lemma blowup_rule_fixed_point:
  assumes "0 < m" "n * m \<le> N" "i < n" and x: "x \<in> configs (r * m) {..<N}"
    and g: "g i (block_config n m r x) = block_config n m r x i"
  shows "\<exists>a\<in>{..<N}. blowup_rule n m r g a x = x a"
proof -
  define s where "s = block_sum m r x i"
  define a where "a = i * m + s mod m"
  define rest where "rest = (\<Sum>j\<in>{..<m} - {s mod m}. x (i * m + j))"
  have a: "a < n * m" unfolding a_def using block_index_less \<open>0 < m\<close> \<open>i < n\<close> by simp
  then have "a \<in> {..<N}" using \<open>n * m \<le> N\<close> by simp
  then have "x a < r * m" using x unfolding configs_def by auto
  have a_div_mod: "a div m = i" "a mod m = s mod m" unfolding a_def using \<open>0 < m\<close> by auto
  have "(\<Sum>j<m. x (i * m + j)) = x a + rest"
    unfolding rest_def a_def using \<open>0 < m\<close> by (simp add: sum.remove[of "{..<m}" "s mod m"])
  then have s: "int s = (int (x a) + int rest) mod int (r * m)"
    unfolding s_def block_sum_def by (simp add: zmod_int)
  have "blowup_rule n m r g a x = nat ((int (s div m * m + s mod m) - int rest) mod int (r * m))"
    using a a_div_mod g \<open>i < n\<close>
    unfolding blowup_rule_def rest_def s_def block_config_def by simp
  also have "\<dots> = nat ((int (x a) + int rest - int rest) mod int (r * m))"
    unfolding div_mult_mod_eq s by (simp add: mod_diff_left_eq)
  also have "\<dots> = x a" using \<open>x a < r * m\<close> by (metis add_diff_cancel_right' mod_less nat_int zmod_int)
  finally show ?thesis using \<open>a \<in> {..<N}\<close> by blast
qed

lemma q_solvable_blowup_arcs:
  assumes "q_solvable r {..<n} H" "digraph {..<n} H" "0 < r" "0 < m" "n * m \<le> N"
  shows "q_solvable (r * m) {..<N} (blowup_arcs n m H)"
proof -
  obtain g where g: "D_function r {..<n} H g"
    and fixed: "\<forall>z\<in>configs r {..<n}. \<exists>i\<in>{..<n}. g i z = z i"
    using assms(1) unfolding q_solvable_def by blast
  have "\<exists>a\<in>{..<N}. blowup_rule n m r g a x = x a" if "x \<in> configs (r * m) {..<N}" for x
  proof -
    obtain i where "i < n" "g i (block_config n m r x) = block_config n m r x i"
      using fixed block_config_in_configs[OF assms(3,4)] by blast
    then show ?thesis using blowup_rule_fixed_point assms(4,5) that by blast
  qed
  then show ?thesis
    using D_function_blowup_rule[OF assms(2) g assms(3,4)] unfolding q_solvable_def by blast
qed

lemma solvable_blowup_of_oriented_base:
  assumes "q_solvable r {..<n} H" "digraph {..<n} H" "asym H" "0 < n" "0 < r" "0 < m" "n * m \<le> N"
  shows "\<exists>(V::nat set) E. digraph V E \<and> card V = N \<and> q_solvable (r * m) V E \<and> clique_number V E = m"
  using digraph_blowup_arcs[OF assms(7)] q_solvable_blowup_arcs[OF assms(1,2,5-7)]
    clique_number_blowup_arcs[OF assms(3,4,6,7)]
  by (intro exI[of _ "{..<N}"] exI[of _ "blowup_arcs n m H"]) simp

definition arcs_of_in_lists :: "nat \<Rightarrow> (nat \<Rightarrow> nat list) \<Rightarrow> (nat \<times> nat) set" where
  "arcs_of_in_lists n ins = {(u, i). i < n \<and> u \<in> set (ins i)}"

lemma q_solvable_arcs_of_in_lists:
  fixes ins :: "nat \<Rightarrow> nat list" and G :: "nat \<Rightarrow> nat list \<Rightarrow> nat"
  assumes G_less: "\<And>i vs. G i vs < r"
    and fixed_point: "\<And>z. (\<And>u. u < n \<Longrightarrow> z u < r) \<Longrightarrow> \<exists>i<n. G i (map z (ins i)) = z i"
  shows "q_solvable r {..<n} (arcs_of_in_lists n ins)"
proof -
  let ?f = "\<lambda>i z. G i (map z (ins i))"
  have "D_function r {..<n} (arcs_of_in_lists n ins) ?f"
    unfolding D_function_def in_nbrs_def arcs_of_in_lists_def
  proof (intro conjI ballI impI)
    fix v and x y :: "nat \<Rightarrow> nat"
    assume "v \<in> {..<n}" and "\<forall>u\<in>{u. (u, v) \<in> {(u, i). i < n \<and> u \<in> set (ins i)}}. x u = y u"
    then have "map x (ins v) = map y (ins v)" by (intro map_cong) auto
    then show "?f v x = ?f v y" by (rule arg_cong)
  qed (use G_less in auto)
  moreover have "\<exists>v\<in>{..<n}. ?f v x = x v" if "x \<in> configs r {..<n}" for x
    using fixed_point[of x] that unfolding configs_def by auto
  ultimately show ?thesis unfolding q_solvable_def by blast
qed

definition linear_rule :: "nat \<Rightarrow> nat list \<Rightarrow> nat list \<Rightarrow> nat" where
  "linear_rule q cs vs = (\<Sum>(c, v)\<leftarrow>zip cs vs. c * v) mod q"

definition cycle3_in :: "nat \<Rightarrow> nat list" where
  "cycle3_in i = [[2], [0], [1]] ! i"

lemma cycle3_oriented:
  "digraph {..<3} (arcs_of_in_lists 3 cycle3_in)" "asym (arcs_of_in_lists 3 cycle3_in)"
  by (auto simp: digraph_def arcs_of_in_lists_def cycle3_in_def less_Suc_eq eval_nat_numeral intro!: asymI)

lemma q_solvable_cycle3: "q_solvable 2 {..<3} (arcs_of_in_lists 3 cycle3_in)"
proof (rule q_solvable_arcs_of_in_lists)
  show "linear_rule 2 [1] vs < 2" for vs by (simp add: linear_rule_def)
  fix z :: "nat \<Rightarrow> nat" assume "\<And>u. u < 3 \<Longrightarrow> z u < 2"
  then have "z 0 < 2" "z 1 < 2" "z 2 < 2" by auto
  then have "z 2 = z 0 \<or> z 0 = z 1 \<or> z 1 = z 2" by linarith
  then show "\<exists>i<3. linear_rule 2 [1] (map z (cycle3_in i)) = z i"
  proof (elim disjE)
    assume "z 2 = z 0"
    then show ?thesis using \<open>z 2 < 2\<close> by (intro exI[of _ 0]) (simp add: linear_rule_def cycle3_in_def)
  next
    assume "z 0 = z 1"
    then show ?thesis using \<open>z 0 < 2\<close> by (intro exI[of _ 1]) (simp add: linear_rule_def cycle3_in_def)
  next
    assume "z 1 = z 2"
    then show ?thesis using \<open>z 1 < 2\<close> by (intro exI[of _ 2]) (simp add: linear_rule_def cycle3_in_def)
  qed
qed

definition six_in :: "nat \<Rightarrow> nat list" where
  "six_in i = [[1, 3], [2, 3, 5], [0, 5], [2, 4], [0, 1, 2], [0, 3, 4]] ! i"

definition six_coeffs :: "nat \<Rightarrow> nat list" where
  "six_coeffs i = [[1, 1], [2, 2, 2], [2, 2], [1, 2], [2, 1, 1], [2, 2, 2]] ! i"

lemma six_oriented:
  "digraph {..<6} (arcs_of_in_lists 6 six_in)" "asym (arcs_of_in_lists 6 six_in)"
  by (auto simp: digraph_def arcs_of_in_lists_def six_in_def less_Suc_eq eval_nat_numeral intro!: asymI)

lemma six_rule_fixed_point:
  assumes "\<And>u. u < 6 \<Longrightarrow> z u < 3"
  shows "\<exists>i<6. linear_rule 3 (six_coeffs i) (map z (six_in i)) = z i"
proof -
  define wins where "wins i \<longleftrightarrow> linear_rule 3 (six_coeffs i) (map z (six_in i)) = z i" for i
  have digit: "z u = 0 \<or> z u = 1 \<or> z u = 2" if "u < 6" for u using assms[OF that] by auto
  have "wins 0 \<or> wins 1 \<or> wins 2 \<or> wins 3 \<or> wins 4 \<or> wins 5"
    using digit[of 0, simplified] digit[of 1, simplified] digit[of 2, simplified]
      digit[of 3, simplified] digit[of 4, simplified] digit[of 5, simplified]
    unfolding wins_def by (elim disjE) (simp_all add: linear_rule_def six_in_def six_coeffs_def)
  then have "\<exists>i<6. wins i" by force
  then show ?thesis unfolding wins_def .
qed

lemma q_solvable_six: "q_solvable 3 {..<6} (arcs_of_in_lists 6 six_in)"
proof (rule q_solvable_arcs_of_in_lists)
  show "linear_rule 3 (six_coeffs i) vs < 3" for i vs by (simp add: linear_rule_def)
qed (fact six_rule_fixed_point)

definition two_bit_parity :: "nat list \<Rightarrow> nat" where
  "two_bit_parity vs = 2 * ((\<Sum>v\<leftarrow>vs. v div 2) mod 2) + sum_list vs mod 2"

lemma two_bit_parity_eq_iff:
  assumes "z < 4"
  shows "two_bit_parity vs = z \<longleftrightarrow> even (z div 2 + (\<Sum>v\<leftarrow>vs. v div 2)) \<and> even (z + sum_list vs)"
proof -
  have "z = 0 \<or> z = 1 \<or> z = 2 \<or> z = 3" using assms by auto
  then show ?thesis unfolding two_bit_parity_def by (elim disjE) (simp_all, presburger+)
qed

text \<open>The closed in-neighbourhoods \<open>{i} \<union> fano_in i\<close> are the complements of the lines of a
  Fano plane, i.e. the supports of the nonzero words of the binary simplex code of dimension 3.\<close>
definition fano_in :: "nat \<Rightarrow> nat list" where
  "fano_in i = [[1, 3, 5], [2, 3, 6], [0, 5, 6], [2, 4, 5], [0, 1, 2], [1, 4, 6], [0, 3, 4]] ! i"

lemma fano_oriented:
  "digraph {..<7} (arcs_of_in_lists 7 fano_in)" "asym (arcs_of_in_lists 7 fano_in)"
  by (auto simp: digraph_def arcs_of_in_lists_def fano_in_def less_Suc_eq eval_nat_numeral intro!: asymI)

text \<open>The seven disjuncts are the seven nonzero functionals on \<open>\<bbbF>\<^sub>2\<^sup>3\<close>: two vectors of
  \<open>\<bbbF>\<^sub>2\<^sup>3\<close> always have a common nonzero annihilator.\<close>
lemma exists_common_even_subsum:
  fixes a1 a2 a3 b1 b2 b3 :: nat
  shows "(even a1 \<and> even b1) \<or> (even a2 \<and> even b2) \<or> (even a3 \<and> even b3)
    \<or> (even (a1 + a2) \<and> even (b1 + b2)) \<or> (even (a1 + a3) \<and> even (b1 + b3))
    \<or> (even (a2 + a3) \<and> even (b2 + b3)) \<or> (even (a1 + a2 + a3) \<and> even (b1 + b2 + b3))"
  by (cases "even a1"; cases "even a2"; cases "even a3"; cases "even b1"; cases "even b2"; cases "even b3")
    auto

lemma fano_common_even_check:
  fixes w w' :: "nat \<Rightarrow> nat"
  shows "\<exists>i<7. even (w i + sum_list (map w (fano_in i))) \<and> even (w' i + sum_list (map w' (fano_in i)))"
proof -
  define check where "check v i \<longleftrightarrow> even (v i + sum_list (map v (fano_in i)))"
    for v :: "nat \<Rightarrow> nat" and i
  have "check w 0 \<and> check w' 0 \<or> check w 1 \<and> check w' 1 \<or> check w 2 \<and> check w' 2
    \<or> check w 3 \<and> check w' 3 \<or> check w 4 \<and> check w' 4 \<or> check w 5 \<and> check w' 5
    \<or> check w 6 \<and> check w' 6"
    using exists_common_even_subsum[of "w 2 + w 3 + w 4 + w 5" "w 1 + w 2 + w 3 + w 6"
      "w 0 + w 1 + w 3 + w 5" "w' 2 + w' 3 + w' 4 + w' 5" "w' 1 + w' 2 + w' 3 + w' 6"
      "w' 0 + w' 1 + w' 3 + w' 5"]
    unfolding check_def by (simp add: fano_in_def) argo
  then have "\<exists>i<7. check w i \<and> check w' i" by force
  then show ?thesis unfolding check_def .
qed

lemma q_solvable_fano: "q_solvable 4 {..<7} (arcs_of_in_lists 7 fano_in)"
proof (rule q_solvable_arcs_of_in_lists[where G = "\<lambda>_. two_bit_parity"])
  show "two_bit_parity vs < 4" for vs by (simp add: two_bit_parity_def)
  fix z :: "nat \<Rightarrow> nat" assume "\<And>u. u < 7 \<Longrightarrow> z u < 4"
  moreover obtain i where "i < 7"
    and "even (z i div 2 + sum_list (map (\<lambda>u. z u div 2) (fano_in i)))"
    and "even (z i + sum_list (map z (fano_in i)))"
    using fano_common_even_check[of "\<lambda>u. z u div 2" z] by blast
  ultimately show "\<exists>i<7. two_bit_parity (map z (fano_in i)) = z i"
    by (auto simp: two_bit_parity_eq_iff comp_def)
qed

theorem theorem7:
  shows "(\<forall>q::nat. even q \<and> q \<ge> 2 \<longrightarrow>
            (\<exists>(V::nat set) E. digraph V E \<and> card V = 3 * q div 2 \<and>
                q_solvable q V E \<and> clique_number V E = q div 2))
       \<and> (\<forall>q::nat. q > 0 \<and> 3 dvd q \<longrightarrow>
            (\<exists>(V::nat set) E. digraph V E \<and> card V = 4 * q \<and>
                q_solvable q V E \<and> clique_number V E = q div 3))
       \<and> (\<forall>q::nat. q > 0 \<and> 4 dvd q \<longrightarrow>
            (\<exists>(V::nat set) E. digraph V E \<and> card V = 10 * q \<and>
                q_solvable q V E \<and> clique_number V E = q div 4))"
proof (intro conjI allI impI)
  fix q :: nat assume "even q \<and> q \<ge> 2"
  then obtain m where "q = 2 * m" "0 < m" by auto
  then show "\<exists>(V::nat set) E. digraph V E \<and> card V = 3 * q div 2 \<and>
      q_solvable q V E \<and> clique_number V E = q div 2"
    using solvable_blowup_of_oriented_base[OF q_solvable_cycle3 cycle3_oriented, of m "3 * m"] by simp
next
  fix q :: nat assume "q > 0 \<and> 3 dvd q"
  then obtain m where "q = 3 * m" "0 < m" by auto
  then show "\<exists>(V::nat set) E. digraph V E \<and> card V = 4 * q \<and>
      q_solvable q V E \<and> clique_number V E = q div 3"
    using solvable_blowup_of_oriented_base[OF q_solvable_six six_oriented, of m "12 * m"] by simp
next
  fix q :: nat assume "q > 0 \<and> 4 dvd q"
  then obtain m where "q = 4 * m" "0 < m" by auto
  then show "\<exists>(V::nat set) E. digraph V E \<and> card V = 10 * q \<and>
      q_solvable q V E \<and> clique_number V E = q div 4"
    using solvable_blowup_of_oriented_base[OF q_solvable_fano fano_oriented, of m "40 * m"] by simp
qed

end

++++++++

Required work:
Find where the line with "0 \<or> wins" sits in the material above, then copy exactly from it through the line with "qed (fact six_rule_fixed_point)". Add no other line.

Task output:
  have "wins 0 \<or> wins 1 \<or> wins 2 \<or> wins 3 \<or> wins 4 \<or> wins 5"
    using digit[of 0, simplified] digit[of 1, simplified] digit[of 2, simplified]
      digit[of 3, simplified] digit[of 4, simplified] digit[of 5, simplified]
    unfolding wins_def by (elim disjE) (simp_all add: linear_rule_def six_in_def six_coeffs_def)
  then have "\<exists>i<6. wins i" by force
  then show ?thesis unfolding wins_def .
qed

lemma q_solvable_six: "q_solvable 3 {..<6} (arcs_of_in_lists 6 six_in)"
proof (rule q_solvable_arcs_of_in_lists)
  show "linear_rule 3 (six_coeffs i) vs < 3" for i vs by (simp add: linear_rule_def)
qed (fact six_rule_fixed_point)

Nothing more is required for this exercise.